Brennan traz agora Breaking Stretch até ao Jazz em Agosto, para uma já esgotada performance em que será ladeada por Jon Irabagon (sax alto e sopranino), Mark Shim (sax tenor), Adam O’Farrill (trompete), Kim Cass (contrabaixo) e ainda Dan Weiss (bateria) e Keisel Jimenez (percussão) (no álbum, brilharam o baterista Marcus Gilmore e o percussionista Mauricio Herrera).
Em antecipação do concerto no Jazz em Agosto, Brennan respondeu a algumas perguntas por email, revelando uma generosa disponibilidade para discutir a sua música.
Breaking Stretch foi lançado há quase um ano, o que significa que já tocam esta música há algum tempo. O que é que essa experiência permitiu que alcançassem? Acham que o septeto levou a música a novos lugares durante a digressão? Ela está em constante evolução?
Ter a oportunidade de tocar as músicas de Breaking Stretch ao vivo ao longo do último ano foi uma experiência muito poderosa. Quando gravámos o álbum pela primeira vez, estávamos focados em capturar a essência de cada composição, mas tocá-las ao vivo durante o último ano permitiu-nos expandir (sem trocadilhos) o material de maneiras novas e inesperadas. Cada membro do septeto traz algo único para a música e, com o tempo, essa química só se aprofundou. Depois de algumas apresentações ao vivo, as músicas começam a respirar de forma diferente: os tempos mudam, os solos expandem-se e encontramos novos grooves ou texturas que não existiam no estúdio. Definitivamente, ela evoluiu. Algumas peças que começaram bastante estruturadas abriram-se para a improvisação, enquanto outras se tornaram mais coesas e dinâmicas através da repetição. Portanto, sim, diria que a música está muito viva e em constante evolução. Tocá-la ao vivo revelou camadas que não tínhamos previsto, e isso é parte do que a mantém fresca para nós e, esperamos, também para o público.

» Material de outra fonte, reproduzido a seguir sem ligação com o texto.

lemma sum_pairs_separated:
  fixes w :: "'a \<Rightarrow> real"
  assumes "finite V" "S \<subseteq> V"
  shows "(\<Sum>u\<in>V. \<Sum>v\<in>V. w u * w v * of_bool ((u \<in> S) \<noteq> (v \<in> S))) = 2 * sum w S * sum w (V - S)"
proof -
  have inner: "(\<Sum>v\<in>V. w u * w v * of_bool ((u \<in> S) \<noteq> (v \<in> S)))
      = w u * (if u \<in> S then sum w (V - S) else sum w S)" for u
  proof -
    have "V \<inter> {v. v \<notin> S} = V - S" "V \<inter> {v. v \<in> S} = S" using assms by auto
    then show ?thesis using assms by (simp add: sum_distrib_left[symmetric] mult.assoc)
  qed
  have "(\<Sum>u\<in>V. \<Sum>v\<in>V. w u * w v * of_bool ((u \<in> S) \<noteq> (v \<in> S)))
      = (\<Sum>u\<in>V. w u * (if u \<in> S then sum w (V - S) else sum w S))"
    by (rule sum.cong[OF refl]) (rule inner)
  also have "\<dots> = sum w S * sum w (V - S) + sum w (V - S) * sum w S"
  proof -
    have "V \<inter> S = S" "V \<inter> - S = V - S" using assms by auto
    then show ?thesis
      using assms by (simp add: if_distrib sum.If_cases sum_distrib_right[symmetric])
  qed
  finally show ?thesis by simp
qed

lemma expander_threshold_inequality:
  fixes g :: "'a \<Rightarrow> real"
  assumes sg: "simple_graph V E" and exp: "expander \<alpha> V E"
  shows "\<alpha> * (\<Sum>u\<in>V. \<Sum>v\<in>V. real (deg E u) * real (deg E v) * indicator {min (g u) (g v)..<max (g u) (g v)} t)
    \<le> 4 * real (card E) * (\<Sum>e\<in>E. indicator {Min (g ` e)..<Max (g ` e)} t)"
proof -
  define S where "S = {v\<in>V. t < g v}"
  have "S \<subseteq> V" by (auto simp: S_def)
  have "finite V" using sg by (simp add: simple_graph_def)
  have "indicator {min (g u) (g v)..<max (g u) (g v)} t = (of_bool ((u \<in> S) \<noteq> (v \<in> S)) :: real)"
    if "u \<in> V" "v \<in> V" for u v
    using that by (auto simp: S_def indicator_def min_def max_def)
  then have "(\<Sum>u\<in>V. \<Sum>v\<in>V. real (deg E u) * real (deg E v) * indicator {min (g u) (g v)..<max (g u) (g v)} t)
      = 2 * (real (vol E S) * real (vol E (V - S)))"
    using sum_pairs_separated[OF \<open>finite V\<close> \<open>S \<subseteq> V\<close>, of "\<lambda>v. real (deg E v)"]
    by (simp add: vol_def)
  then show ?thesis
    using expander_vol_mult_le_cut_size[OF sg exp \<open>S \<subseteq> V\<close>]
    by (simp add: sum_edges_indicator_eq_cut_size[OF sg] S_def)
qed

lemma integrable_indicator_atLeastLessThan:
  "integrable lborel (indicator {a..<b} :: real \<Rightarrow> real)"
  by (cases "a \<le> b") (auto intro: integrable_real_indicator)

lemma abs_diff_eq_integral_indicator:
  fixes x y :: real
  shows "\<bar>x - y\<bar> = integral\<^sup>L lborel (indicator {min x y..<max x y})"
  by (simp add: min_def max_def)

lemma expander_pair_spread_le_edge_spread:
  fixes g :: "'a \<Rightarrow> real"
  assumes sg: "simple_graph V E" and exp: "expander \<alpha> V E"
  shows "\<alpha> * (\<Sum>u\<in>V. \<Sum>v\<in>V. real (deg E u) * real (deg E v) * \<bar>g u - g v\<bar>)
    \<le> 4 * real (card E) * (\<Sum>e\<in>E. Max (g ` e) - Min (g ` e))"
proof -
  have edge_spread: "Max (g ` e) - Min (g ` e) = integral\<^sup>L lborel (indicator {Min (g ` e)..<Max (g ` e)})"
    if "e \<in> E" for e
    using that by (elim simple_graph_edgeE[OF sg]) simp
  have "\<alpha> * (\<Sum>u\<in>V. \<Sum>v\<in>V. real (deg E u) * real (deg E v) * \<bar>g u - g v\<bar>)
      = (LINT t|lborel. \<alpha> * (\<Sum>u\<in>V. \<Sum>v\<in>V. real (deg E u) * real (deg E v)
          * indicator {min (g u) (g v)..<max (g u) (g v)} t))"
    by (simp add: abs_diff_eq_integral_indicator integrable_indicator_atLeastLessThan)
  also have "\<dots> \<le> (LINT t|lborel. 4 * real (card E) * (\<Sum>e\<in>E. indicator {Min (g ` e)..<Max (g ` e)} t))"
    by (intro integral_mono expander_threshold_inequality[OF sg exp])
      (simp_all add: integrable_indicator_atLeastLessThan)
  also have "\<dots> = 4 * real (card E) * (\<Sum>e\<in>E. Max (g ` e) - Min (g ` e))"
    by (simp add: edge_spread integrable_indicator_atLeastLessThan)
  finally show ?thesis .
qed

lemma sum_pairs_mult_add:
  fixes w f :: "'a \<Rightarrow> real"
  shows "(\<Sum>u\<in>V. \<Sum>v\<in>V. w u * w v * (f u + f v)) = 2 * sum w V * (\<Sum>v\<in>V. w v * f v)"
proof -
  have "(\<Sum>u\<in>V. \<Sum>v\<in>V. w u * w v * (f u + f v))
      = (\<Sum>u\<in>V. \<Sum>v\<in>V. (w u * f u) * w v) + (\<Sum>u\<in>V. \<Sum>v\<in>V. w u * (w v * f v))"
    by (simp add: sum.distrib algebra_simps)
  also have "\<dots> = (\<Sum>u\<in>V. w u * f u) * sum w V + sum w V * (\<Sum>v\<in>V. w v * f v)"
    by (simp add: sum_product)
  finally show ?thesis by simp
qed

lemma expander_mean_edge_Min_le:
  fixes g :: "'a \<Rightarrow> real"
  assumes sg: "simple_graph V E" and "E \<noteq> {}" and exp: "expander \<alpha> V E"
  defines "W \<equiv> \<Sum>y\<in>V. real (deg E y)"
  shows "(\<Sum>e\<in>E. Min (g ` e)) / real (card E)
    \<le> (\<Sum>u\<in>V. \<Sum>v\<in>V. (real (deg E u) / W) * (real (deg E v) / W)
          * ((1 - \<alpha>) * (g u / 2 + g v / 2) + \<alpha> * min (g u) (g v)))"
    (is "?lhs \<le> ?rhs")
proof -
  define X where "X = (\<Sum>v\<in>V. real (deg E v) * g v)"
  define D where "D = (\<Sum>e\<in>E. Max (g ` e) - Min (g ` e))"
  define A where "A = (\<Sum>u\<in>V. \<Sum>v\<in>V. real (deg E u) * real (deg E v) * \<bar>g u - g v\<bar>)"
  have W: "W = 2 * real (card E)"
    unfolding W_def by (rule sum_deg_eq_twice_card[OF sg])
  have "real (card E) > 0"
    using \<open>E \<noteq> {}\<close> simple_graph_finite_edges[OF sg] by (simp add: card_gt_0_iff)
  then have "W > 0" using W by simp
  have "2 * Min (g ` e) = (\<Sum>v\<in>e. g v) - (Max (g ` e) - Min (g ` e))" if "e \<in> E" for e
    using that by (elim simple_graph_edgeE[OF sg]) (simp add: min_def max_def)
  then have "2 * (\<Sum>e\<in>E. Min (g ` e)) = X - D"
    by (simp add: sum_distrib_left sum_subtractf X_def D_def sum_edges_sum_endpoints[OF sg, symmetric])
  then have lhs: "?lhs = X / W - D / W"
    using W \<open>real (card E) > 0\<close> by (simp add: field_simps)
  have "(real (deg E u) / W) * (real (deg E v) / W) * ((1 - \<alpha>) * (g u / 2 + g v / 2) + \<alpha> * min (g u) (g v))
      = (real (deg E u) * real (deg E v) * (g u + g v) / 2
         - \<alpha> / 2 * (real (deg E u) * real (deg E v) * \<bar>g u - g v\<bar>)) / W\<^sup>2" for u v
    using \<open>W > 0\<close> by (simp add: min_def field_simps power2_eq_square)
  then have "?rhs = ((\<Sum>u\<in>V. \<Sum>v\<in>V. real (deg E u) * real (deg E v) * (g u + g v)) / 2 - \<alpha> / 2 * A) / W\<^sup>2"
    by (simp add: A_def sum_divide_distrib[symmetric] sum_subtractf sum_distrib_left)
  also have "\<dots> = (2 * W * X / 2 - \<alpha> / 2 * A) / W\<^sup>2"
    using sum_pairs_mult_add[of "\<lambda>v. real (deg E v)" g V] by (simp add: X_def W_def)
  also have "\<dots> = X / W - \<alpha> * A / (2 * W\<^sup>2)"
    using \<open>W > 0\<close> by (simp add: field_simps power2_eq_square)
  finally have rhs: "?rhs = X / W - \<alpha> * A / (2 * W\<^sup>2)" .
  have "\<alpha> * A \<le> 2 * W * D"
    using expander_pair_spread_le_edge_spread[OF sg exp, of g] W by (simp add: A_def D_def)
  then have "\<alpha> * A / (2 * W\<^sup>2) \<le> D / W"
    using \<open>W > 0\<close> by (simp add: field_simps power2_eq_square)
  then show ?thesis unfolding lhs rhs by simp
qed

lemma cosh_add_diff_mono:
  fixes c s t :: real
  assumes "0 \<le> c" "s \<le> t"
  shows "cosh (s + c) - cosh s \<le> cosh (t + c) - cosh t"
proof -
  have diff: "cosh (x + c) - cosh x = (exp x * (exp c - 1) + exp (- x) * (exp (- c) - 1)) / 2" for x :: real
  proof -
    have "exp (- (x + c)) = exp (- x) * exp (- c)" by (simp add: exp_add[symmetric])
    then show ?thesis by (simp add: cosh_def exp_add field_simps)
  qed
  have "exp s * (exp c - 1) \<le> exp t * (exp c - 1)"
    using assms by (intro mult_right_mono) auto
  moreover have "exp (- s) * (exp (- c) - 1) \<le> exp (- t) * (exp (- c) - 1)"
    using assms by (intro mult_right_mono_neg) auto
  ultimately show ?thesis unfolding diff by simp
qed

lemma mono_fplus:
  assumes "0 \<le> lam"
  shows "mono (fplus lam)"
proof (rule monoI)
  fix x y :: int
  assume "x \<le> y"
  then have "lam * x \<le> lam * y"
    using assms by (simp add: mult_left_mono)
  then show "fplus lam x \<le> fplus lam y"
    using cosh_add_diff_mono[OF assms] by (simp add: fplus_def distrib_left)
qed

lemma fminus_eq_fplus_uminus: "fminus lam x = fplus lam (- x)"
proof -
  have "lam * real_of_int (x - 1) = - (lam * real_of_int (- x + 1))"
    by (simp add: algebra_simps)
  then show ?thesis
    unfolding fminus_def fplus_def by (metis cosh_minus mult_minus_right of_int_minus)
qed

lemma antimono_fminus: "0 \<le> lam \<Longrightarrow> antimono (fminus lam)"
  by (rule antimonoI) (simp add: fminus_eq_fplus_uminus monoD[OF mono_fplus])

lemma antimono_Max_commute:
  assumes "antimono f" "finite A" "A \<noteq> {}"
  shows "f (Max A) = Min (f ` A)"
  by (rule Min_eqI[symmetric]) (use assms in \<open>auto intro: antimonoD\<close>)

lemma Delta_plus_le_tDelta_plus:
  assumes sg: "simple_graph V E" and "E \<noteq> {}" and exp: "expander \<alpha> V E" and "0 \<le> lam"
  shows "Delta_plus E lam d \<le> tDelta_plus V (\<lambda>v. real (deg E v)) \<alpha> lam d"
proof -
  have "fplus lam (Min (d ` e)) = Min ((\<lambda>v. fplus lam (d v)) ` e)" if "e \<in> E" for e
  proof -
    have "finite e" "e \<noteq> {}" using that by (auto elim!: simple_graph_edgeE[OF sg])
    then show ?thesis
      using mono_Min_commute[OF mono_fplus[OF \<open>0 \<le> lam\<close>], of "d ` e"] by (simp add: image_image)
  qed
  then have "Delta_plus E lam d = (\<Sum>e\<in>E. Min ((\<lambda>v. fplus lam (d v)) ` e)) / real (card E)"
    by (simp add: Delta_plus_def)
  also have "\<dots> \<le> tDelta_plus V (\<lambda>v. real (deg E v)) \<alpha> lam d"
    using expander_mean_edge_Min_le[OF sg \<open>E \<noteq> {}\<close> exp, of "\<lambda>v. fplus lam (d v)"]
    by (simp add: tDelta_plus_def Let_def min_of_mono[OF mono_fplus[OF \<open>0 \<le> lam\<close>]])
  finally show ?thesis .
qed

Muito se tem falado sobre as qualidades noir da sua música: se pudesse ter excertos de filmes clássicos a serem projetados atrás de si no palco, quais escolheria? Se me permite dar a minha opinião, acho que “555” soaria perfeito atrás de algumas das sequências de 3 Days of the Condor, o thriller de espionagem de Sidney Pollack de 1975, com Robert Redford e Faye Dunaway…
Essa é uma ótima observação, e 3 Days of the Condor é uma ótima escolha! Há uma certa tensão e sombra nesse filme que realmente ressoa com a atmosfera que estamos a explorar em “555”. Adoro a ideia de projectar cenas atrás de nós durante um concerto ao vivo, isso traria outra camada de narrativa que já está a ferver sob a superfície da música. Se tivesse de escolher alguns, escolheria definitivamente algo como The Conversation, de Coppola. A sensação de paranóia e isolamento, o lento desenrolar, está bem no ADN emocional de muitas das nossas músicas. Além disso, Le Samouraï, de Jean-Pierre Melville. Consigo imaginar a banda a tocar uma música como “Mudanza” acompanhada de clipes desse filme. E talvez algo inesperado também, como Klute ou até Seconds, de John Frankenheimer. Ambos são repletos de clima, desorientação e um tipo de existencialismo nocturno que combina bem com os tons noir com os quais trabalhamos.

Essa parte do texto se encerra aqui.